I am as tired of the self-pity as any reader must be, but I have nothing else in my head right now. Hopefully, I'll have something more promising to report in the morning.

Not that there's anything wrong with that

My five year old is having a play date with the love of his life. They met in preschool two years ago, and although they see each other infrequently, their love is true and persistent. They have been playing blissfully for 6 hours, and then the little girl came into the living room and had this conversation with my mother:

Girl: Does Justin have any father?
My mother: Yes, his daddy will be home from work soon.
(long pause)
Girl: Are you his mother too?
My mother, trying not to choke: No, I'm his grandma.

OMG I'm dying laughing. I have now been suspected of being in a lesbian relationship with my own mother.


Editing to add: try doing a google image search on "lesbians" sometimes (preferably not while working on a monitored network). Ha! I love it when what I'm looking for and what google thinks I'm looking for are not in sync.
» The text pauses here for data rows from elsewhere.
(* For all $n\ge0$, $$F_n(x,y,q)F_{n+1}(x,y,q)=\sum_{j=0}^nxy^jq^{\lfloor j^2/2\rfloor}F_{n-j}(xq^j,yq^j,q)F_{n-j}(xq^{j+1},yq^{j+1},q).$$
   Context: $\Pi_n(13/2,123)$ is the set of layered matchings of $[n]$: set partitions whose blocks are consecutive intervals $[1,i_1]/\dots/[i_{k-1}+1,n]$, each of size $1$ or $2$. $\Pi_0(13/2,123)$ consists of the empty partition. For $\pi=B_1/\dots/B_k$ with $\min B_1<\dots<\min B_k$, $rb(\pi)$ is the number of pairs $(b,B_j)$ with $b\in B_i$, $j>i$, $\max B_j>b$. Let $s(\pi)$ and $d(\pi)$ be the numbers of blocks of size $1$ and $2$. Define $F_n(x,y,q)=\sum_{\pi\in\Pi_n(13/2,123)}x^{s(\pi)}y^{d(\pi)}q^{rb(\pi)}$, so $F_0=1$ and $F_1=x$. $F_n(xq^a,yq^a,q)$ denotes the substitution $x\mapsto xq^a$, $y\mapsto yq^a$. *)

theory Defs
  imports Main "HOL-Library.Disjoint_Sets"
begin

definition layered_matchings :: "nat \<Rightarrow> nat set set set" where
  "layered_matchings n = {P. partition_on {1..n} P \<and>
      (\<forall>B\<in>P. \<exists>a. B = {a} \<or> B = {a, Suc a})}"

definition rb :: "nat set set \<Rightarrow> nat" where
  "rb P = card {(b, C). \<exists>B\<in>P. b \<in> B \<and> C \<in> P \<and> Min B < Min C \<and> b < Max C}"

definition singles :: "nat set set \<Rightarrow> nat" where
  "singles P = card {B\<in>P. card B = 1}"

definition doubles :: "nat set set \<Rightarrow> nat" where
  "doubles P = card {B\<in>P. card B = 2}"

definition F :: "nat \<Rightarrow> 'a::comm_ring_1 \<Rightarrow> 'a \<Rightarrow> 'a \<Rightarrow> 'a" where
  "F n x y q = (\<Sum>P\<in>layered_matchings n. x ^ singles P * y ^ doubles P * q ^ rb P)"

end

theory Submission
  imports Defs
begin

(* Removing the block containing the smallest point splits a layered
   matching into a first block {1} or {1,2} followed by a layered matching of the
   remaining interval.  Every pair (b, C) counted by rb with b in the first block
   is present, so a first block of size c contributes q^(c * #blocks of the rest);
   since #blocks = singles + doubles this amounts to the substitution
   x -> x q^c, y -> y q^c.  Hence F satisfies the three-term recursion
     F_0 = 1,  F_1 = x,  F_(n+2)(x,y) = x F_(n+1)(xq,yq) + y F_n(xq^2,yq^2),
   which is captured by the function Fr below. *)

section \<open>The three-term recursion and the product identity\<close>

fun Fr :: "nat \<Rightarrow> 'a::comm_ring_1 \<Rightarrow> 'a \<Rightarrow> 'a \<Rightarrow> 'a" where
  "Fr 0 x y q = 1"
| "Fr (Suc 0) x y q = x"
| "Fr (Suc (Suc n)) x y q = x * Fr (Suc n) (x*q) (y*q) q + y * Fr n (x*q^2) (y*q^2) q"

definition summand :: "nat \<Rightarrow> nat \<Rightarrow> 'a::comm_ring_1 \<Rightarrow> 'a \<Rightarrow> 'a \<Rightarrow> 'a" where
  "summand n j x y q = x * y ^ j * q ^ (j ^ 2 div 2)
     * Fr (n - j) (x * q ^ j) (y * q ^ j) q
     * Fr (n - j) (x * q ^ (j + 1)) (y * q ^ (j + 1)) q"

lemma square_div_two_shift: "(j + 2) ^ 2 div 2 = (j::nat) ^ 2 div 2 + 2 * j + 2"
proof -
  have "(j + 2) ^ 2 = j ^ 2 + 2 * (2 * j + 2)" by (simp add: power2_eq_square algebra_simps)
  then show ?thesis by simp
qed

lemma summand_shift:
  "summand (n + 2) (j + 2) x y q = y ^ 2 * summand n j (x * q ^ 2) (y * q ^ 2) q"
proof -
  have pow: "z * q ^ (j + 2) = z * q ^ 2 * q ^ j" "z * q ^ (j + 2 + 1) = z * q ^ 2 * q ^ (j + 1)"
    for z :: 'a by (simp_all add: power_add power2_eq_square algebra_simps)
  show ?thesis
    unfolding summand_def pow square_div_two_shift
    by (simp add: power_add power_mult algebra_simps power2_eq_square)
qed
I'll be staying in for a while...

There is just nothing like motherhood to teach you about the cost of things. Not the financial cost, although that is also brought into sharp relief once you add family members and remove breadwinners, but the fundamental truth that having one thing precludes having something else. You can't be in two places at the same time, and resources are finite. These truths may seem self-evident, but I'm still getting smacked in the face with them over and over.
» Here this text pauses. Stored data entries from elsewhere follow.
lemma alpha_le_hstar:
  assumes hH: "h \<in> classH" and a: "a \<in> mset_h h"
  shows "alpha (\<lambda>x. h (x 0) (x 1)) \<le> hstar h"
proof -
  have coord: "continuous_on Xsp (\<lambda>x. x i)" "(\<lambda>x. x i) ` Xsp \<subseteq> {0..1}" for i :: nat
    by (rule continuous_on_subset[OF continuous_on_product_coordinates], simp) (auto simp: Xsp_def)
  have "continuous_on ({0..1} \<times> {0..1}) (\<lambda>p. h (fst p) (snd p))"
    by (rule classH_continuous_on_compose[OF hH continuous_on_fst[OF continuous_on_id]
        continuous_on_snd[OF continuous_on_id]]) auto
  then have "bounded ((\<lambda>p. h (fst p) (snd p)) ` ({0..1} \<times> {0..1}))"
    by (intro compact_imp_bounded compact_continuous_image compact_Times compact_Icc)
  moreover have "(\<lambda>x. h (x 0) (x 1)) ` Xsp \<subseteq> (\<lambda>p. h (fst p) (snd p)) ` ({0..1} \<times> {0..1})"
    unfolding Xsp_def by (auto simp: image_iff) (metis atLeastAtMost_iff)
  ultimately have "bounded ((\<lambda>x. h (x 0) (x 1)) ` Xsp)"
    by (rule bounded_subset)
  moreover have "(\<lambda>_. a) \<in> Xsp"
    using a unfolding mset_h_def Xsp_def by auto
  ultimately show ?thesis
    using alpha_le_fixed_point[of "\<lambda>x. h (x 0) (x 1)" "\<lambda>_. a"] a
      classH_continuous_on_compose[OF hH coord(1) coord(1) coord(2) coord(2)]
    by (simp add: shift_def mset_h_def)
qed

lemma abs_diff_0_le_dX:
  assumes "x \<in> Xsp" "y \<in> Xsp"
  shows "\<bar>x 0 - y 0\<bar> \<le> 2 * dX x y"
proof -
  define f where "f i = \<bar>x i - y i\<bar> / 2 ^ Suc i" for i
  have "norm (f i) \<le> (1/2) ^ i" for i
  proof -
    have "\<bar>x i - y i\<bar> \<le> 1"
      using assms unfolding Xsp_def by (simp add: abs_le_iff) (smt (verit) atLeastAtMost_iff)
    then have "norm (f i) \<le> 1 / 2 ^ Suc i"
      unfolding f_def by (simp add: divide_right_mono)
    also have "\<dots> \<le> 1 / 2 ^ i"
      by (rule divide_left_mono) auto
    also have "\<dots> = (1/2) ^ i"
      by (simp add: power_divide)
    finally show ?thesis .
  qed
  then have "summable f"
    by (intro summable_comparison_test[of f "\<lambda>i. (1/2) ^ i"]) (auto intro: summable_geometric)
  then have "f 0 \<le> suminf f"
    using sum_le_suminf[of f "{0}"] by (simp add: f_def)
  then show ?thesis
    unfolding dX_def f_def by simp
qed

lemma Bset_const_endpoints:
  assumes "z \<in> Bset (\<lambda>_. a) (\<lambda>_. b) n e" "a \<in> {0..1}" "b \<in> {0..1}"
  shows "z \<in> Xsp" "\<bar>z 0 - a\<bar> < 2 * e" "\<bar>z n - b\<bar> < 2 * e"
proof -
  have const: "(\<lambda>_. a) \<in> Xsp" "(\<lambda>_. b) \<in> Xsp"
    using assms(2,3) unfolding Xsp_def by auto
  show z: "z \<in> Xsp"
    using assms(1) unfolding Bset_def by auto
  then have "(shift ^^ n) z \<in> Xsp"
    unfolding Xsp_def funpow_shift by auto
  with abs_diff_0_le_dX[OF const(1) z] abs_diff_0_le_dX[OF this const(2)] assms(1)
  show "\<bar>z 0 - a\<bar> < 2 * e" "\<bar>z n - b\<bar> < 2 * e"
    unfolding Bset_def funpow_shift by auto
qed

lemma Bset_mono: "e \<le> e' \<Longrightarrow> Bset x y n e \<subseteq> Bset x y n e'"
  unfolding Bset_def by auto

lemma peierls_ge_liminf:
  assumes "0 < e"
  shows "liminf (\<lambda>n. INF z\<in>Bset x y n e. ereal (\<Sum>i<n. \<phi> ((shift ^^ i) z) - alpha \<phi>))
    \<le> peierls \<phi> x y"
proof -
  define G where "G e = liminf (\<lambda>n. INF z\<in>Bset x y n e. ereal (\<Sum>i<n. \<phi> ((shift ^^ i) z) - alpha \<phi>))"
    for e
  have G_antimono: "G e' \<le> G e" if "e \<le> e'" for e e'
    unfolding G_def using Bset_mono[OF that]
    by (intro Liminf_mono always_eventually allI INF_superset_mono) auto
  define S where "S = (SUP e\<in>{0<..}. G e)"
  have "(G \<longlongrightarrow> S) (at_right 0)"
  proof (rule increasing_tendsto)
    show "\<forall>\<^sub>F e in at_right 0. G e \<le> S"
      using eventually_at_right_less by eventually_elim (simp add: S_def SUP_upper)
    fix t assume "t < S"
    then obtain e0 where "0 < e0" "t < G e0"
      unfolding S_def less_SUP_iff by auto
    then show "\<forall>\<^sub>F e in at_right 0. t < G e"
      by (intro eventually_mono[OF eventually_at_right_real[OF \<open>0 < e0\<close>]])
        (auto intro: less_le_trans[OF _ G_antimono])
  qed
  then have "peierls \<phi> x y = S"
    unfolding peierls_def G_def[symmetric] by (rule tendsto_Lim[OF trivial_limit_at_right_real])
  with assms show ?thesis
    unfolding S_def G_def[symmetric] by (auto intro: SUP_upper)
qed

lemma ereal_le_INF_add_INF:
  fixes f :: "'a \<Rightarrow> real" and g :: "'b \<Rightarrow> real"
  assumes "\<And>i j. i \<in> I \<Longrightarrow> j \<in> J \<Longrightarrow> c \<le> f i + g j"
  shows "ereal c \<le> (INF i\<in>I. ereal (f i)) + (INF j\<in>J. ereal (g j))"
proof (cases "I = {} \<or> J = {}")
  case True
  then show ?thesis by (auto simp: top_ereal_def)
next
  case False
  then obtain i0 j0 where "i0 \<in> I" "j0 \<in> J" by auto
  have "ereal (c - g j0) \<le> (INF i\<in>I. ereal (f i))"
    using assms \<open>j0 \<in> J\<close> by (intro INF_greatest) (simp add: algebra_simps)
  moreover have "(INF i\<in>I. ereal (f i)) \<le> ereal (f i0)"
    using \<open>i0 \<in> I\<close> by (rule INF_lower)
  ultimately obtain p where p: "(INF i\<in>I. ereal (f i)) = ereal p"
    by (cases "INF i\<in>I. ereal (f i)") auto
  have "ereal (c - p) \<le> (INF j\<in>J. ereal (g j))"
  proof (rule INF_greatest)
    fix j assume "j \<in> J"
    then have "ereal (c - g j) \<le> ereal p"
      unfolding p[symmetric] using assms by (intro INF_greatest) (simp add: algebra_simps)
    then show "ereal (c - p) \<le> ereal (g j)" by simp
  qed
  then show ?thesis
    unfolding p by (cases "INF j\<in>J. ereal (g j)") auto
qed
Take sleep, for example (no! gasps the viewing audience, surely she's not going to talk about sleep!). My babies, you may be shocked to learn, are absolutely abysmal sleepers. I have had a heaping helping of truly good advice, using which I have devised not one but several plans, none of which I have implemented consistently. It is unsurprising to note here that I have always been a really awful dieter (hence the overstuffed upholstery look mentioned in yesterday's post). As with dieting, as soon as I see a glimmer of success I call it a day and am then simply stunned when the progress does not continue after the abandonment of the plan.
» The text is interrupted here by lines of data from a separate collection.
lemma approval_number_pair_count_bound:
  fixes V :: "'v set"
  assumes society: "double_interval_society V A"
    and intersecting: "pairwise_intersecting V A"
  defines "a \<equiv> approval_number V A"
  shows "card V * card V - card V \<le> 2 * (\<Sum>k<2 * card V. min k (a - 1))"
proof -
  obtain lo hi :: "'v \<times> bool \<Rightarrow> real"
    where lo_hi: "\<And>v s. v \<in> V \<Longrightarrow> lo (v, s) \<le> hi (v, s)"
      and gap: "\<And>v. v \<in> V \<Longrightarrow> hi (v, False) < lo (v, True)"
      and pieces: "\<And>v. v \<in> V \<Longrightarrow> A v = (\<Union>s. {lo (v, s)..hi (v, s)})"
    using double_interval_society_pieces[OF society] by blast
  have "finite V"
    using society by (simp add: double_interval_society_def)
  define X where "X = V \<times> (UNIV :: bool set)"
  have "finite X" "card X = 2 * card V"
    using \<open>finite V\<close> by (simp_all add: X_def card_cartesian_product)
  have "card {x \<in> X. p \<in> {lo x..hi x}} \<le> a" for p
    using card_pieces_containing_le_approval[OF \<open>finite V\<close> gap pieces, of p]
      approval_le_approval_number[OF \<open>finite V\<close>, of A p]
    unfolding X_def a_def by linarith
  then have "card (intersecting_pairs X lo hi) \<le> 2 * (\<Sum>k<2 * card V. min k (a - 1))"
    using card_intersecting_pairs_le[OF \<open>finite X\<close>, of lo hi a] lo_hi \<open>card X = 2 * card V\<close>
    by (auto simp: X_def)
  moreover have "card V * card V - card V \<le> card (intersecting_pairs X lo hi)"
    using card_off_diagonal_le_intersecting_pieces[OF \<open>finite V\<close> intersecting pieces]
    by (simp add: X_def)
  ultimately show ?thesis
    by linarith
qed

lemma approval_number_quadratic_bound:
  fixes V :: "'v set"
  assumes society: "double_interval_society V A"
    and intersecting: "pairwise_intersecting V A"
    and "card V = n" "n \<ge> 1"
  defines "a \<equiv> approval_number V A"
  shows "real n ^ 2 - real n \<le> (real a - 1) * (4 * real n - real a)"
proof -
  have "finite V"
    using society by (simp add: double_interval_society_def)
  have "n * n - n \<le> 2 * (\<Sum>k<2 * n. min k (a - 1))"
    using approval_number_pair_count_bound[OF society intersecting] \<open>card V = n\<close> by (simp add: a_def)
  then have "real (n * n - n) \<le> real (2 * (\<Sum>k<2 * n. min k (a - 1)))"
    by (simp only: of_nat_le_iff)
  then have "real n ^ 2 - real n \<le> 2 * real (\<Sum>k<2 * n. min k (a - 1))"
    by (simp add: of_nat_diff power2_eq_square)
  moreover have "a \<le> n"
    using approval_number_le_card[OF \<open>finite V\<close>, of A] \<open>card V = n\<close> by (simp add: a_def)
  moreover have "1 \<le> a"
  proof -
    obtain v where "v \<in> V"
      using \<open>card V = n\<close> \<open>n \<ge> 1\<close> by (metis card.empty ex_in_conv not_one_le_zero)
    moreover have "A v \<noteq> {}"
      using society \<open>v \<in> V\<close> unfolding double_interval_society_def double_interval_def by fastforce
    ultimately show ?thesis
      using approval_number_pos[OF \<open>finite V\<close>] by (simp add: a_def)
  qed
  moreover have "2 * real (\<Sum>k<2 * n. min k (a - 1)) = (real a - 1) * (4 * real n - real a)"
  proof -
    have "\<not> 2 * n \<le> a - 1"
      using \<open>a \<le> n\<close> \<open>n \<ge> 1\<close> by linarith
    then show ?thesis
      using double_sum_min_closed_form[where m = "2 * n" and b = "a - 1"] \<open>1 \<le> a\<close>
      by (simp add: of_nat_diff algebra_simps)
  qed
  ultimately show ?thesis
    by linarith
qed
Specifically (yes, please, what in the hell are you talking about anyway?), I started putting the twins on a daytime routine a month or so ago, and it was really helping their nighttime sleep. However, putting two babies on a sleep schedule really cramps my not-so-stylish style, so as soon as I got a little bit of sleep, I resumed my regular round of friends and kids' activities and general schedule anarchy. This was (here come the excuses) exacerbated by the holidays, but I know I'd have done it anyway, because that's the self-defeating kind of person I am. So here we are, back where we started, only I'm a little more harried and desperate for a light - hell, from here I can hardly see the tunnel.

The moral of this rambling and oh-god-so-tired post is that I need to sacrifice all external activity to the sleep of the babies. I worked outside the house when my older children were babies, so I didn't really realize how restrictive it is to have to sit home essentially all day so the babies could sleep properly. So, good-bye world. I hope to see you again some day, when the babies and I are all much older and much better rested.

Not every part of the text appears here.